AREVA plans MOX fueled Nuclear Reactors in Alberta, Canada
AREVA plans MOX fueled Nuclear Reactors in Alberta, Canada
Nuclear provider targets oilsands
Alberta's oilsands industry faces a natural gas shortage by 2030 without new energy sources to offset gas use in oilsands expansions, the head of nuclear power giant Areva Canada Inc. said Monday.
http://www.canada.com/calgaryherald/news/calgarybusiness/story.html?id=d...
By The Calgary Herald February 26, 2008
Alberta's oilsands industry faces a natural gas shortage by 2030 without new energy sources to offset gas use in oilsands expansions, the head of nuclear power giant Areva Canada Inc. said Monday. Speaking in Calgary, Areva CEO Armand Laferrere said continued oilsands development would consume virtually all of Canada's current natural gas supply -- some 92 per cent -- by 2030.

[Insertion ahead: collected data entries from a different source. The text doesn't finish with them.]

theorem proposition1:
  fixes A :: "(real^3) set" and K :: nat and s :: "nat \<Rightarrow> real^3"
    and area sig2 :: "nat \<Rightarrow> real" and P lam :: real and er :: "real^3"
    and V :: "nat \<Rightarrow> real^3 \<Rightarrow> complex"
  assumes A_meas: "A \<in> sets lborel" and A_pos: "emeasure lborel A > 0"
    and A_bdd: "bounded A"
    and er_unit: "norm er = 1" and lam_pos: "lam > 0"
    and K_pos: "K \<ge> 1"
    and s_out: "\<forall>k<K. s k \<notin> closure A"
    and area_pos: "\<forall>k<K. area k > 0" and sig2_pos: "\<forall>k<K. sig2 k > 0"
    and P_pos: "P > 0"
    and V_feas: "feasible A K P V"
    and V_opt: "\<forall>W. feasible A K P W \<longrightarrow>
                  sum_rate A K (\<lambda>k. chan er lam (s k)) area sig2 W
                  \<le> sum_rate A K (\<lambda>k. chan er lam (s k)) area sig2 V"
  shows "\<exists>b :: nat \<Rightarrow> nat \<Rightarrow> complex. \<forall>k<K. AE r in lborel. r \<in> A \<longrightarrow>
           V k r = (\<Sum>j<K. b j k * cnj (chan er lam (s j) r))"
proof (rule sum_rate_optimal_in_channel_span[OF A_meas _ _ area_pos sig2_pos P_pos V_feas V_opt])
  show "\<forall>k<K. sq_integrable_on A (chan er lam (s k))"
    using s_out sq_integrable_on_chan[OF A_meas A_bdd _ er_unit] by blast
  have "s 0 \<notin> A" "er \<noteq> 0"
    using K_pos s_out closure_subset er_unit by auto
  then show "\<exists>k<K. \<not> (AE r in lborel. r \<in> A \<longrightarrow> chan er lam (s k) r = 0)"
    using K_pos chan_not_AE_zero[OF A_meas A_pos _ _ lam_pos] by (intro exI[of _ 0]) auto
qed

end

"You need to diversify," he said on the sidelines of the Canadian Energy Research Institute's natural gas conference. "Natural gas will be part of it, but you need also to have other sources of energy, and nuclear, being competitive and being entirely greenhouse gas free, seems to me to be an obvious part of it."
Alberta's natural gas production is expected to fall from 13 bcf per day in 2007 to 6.7 bcf per day in 2028, leaving a potential shortfall of more than 100 million cubic feet per day. Without the proposed Mackenzie Valley pipeline, Alberta would be forced to import costly liquefied natural gas (LNG) or sharply curtail gas exports that currently account for about a fifth of U.S. supplies.
If predictions of a shortage bear out, oilsands projects would either be forced to shut down or switch to alternative fuels to generate the heat needed to produce steam, Gwozd suggested.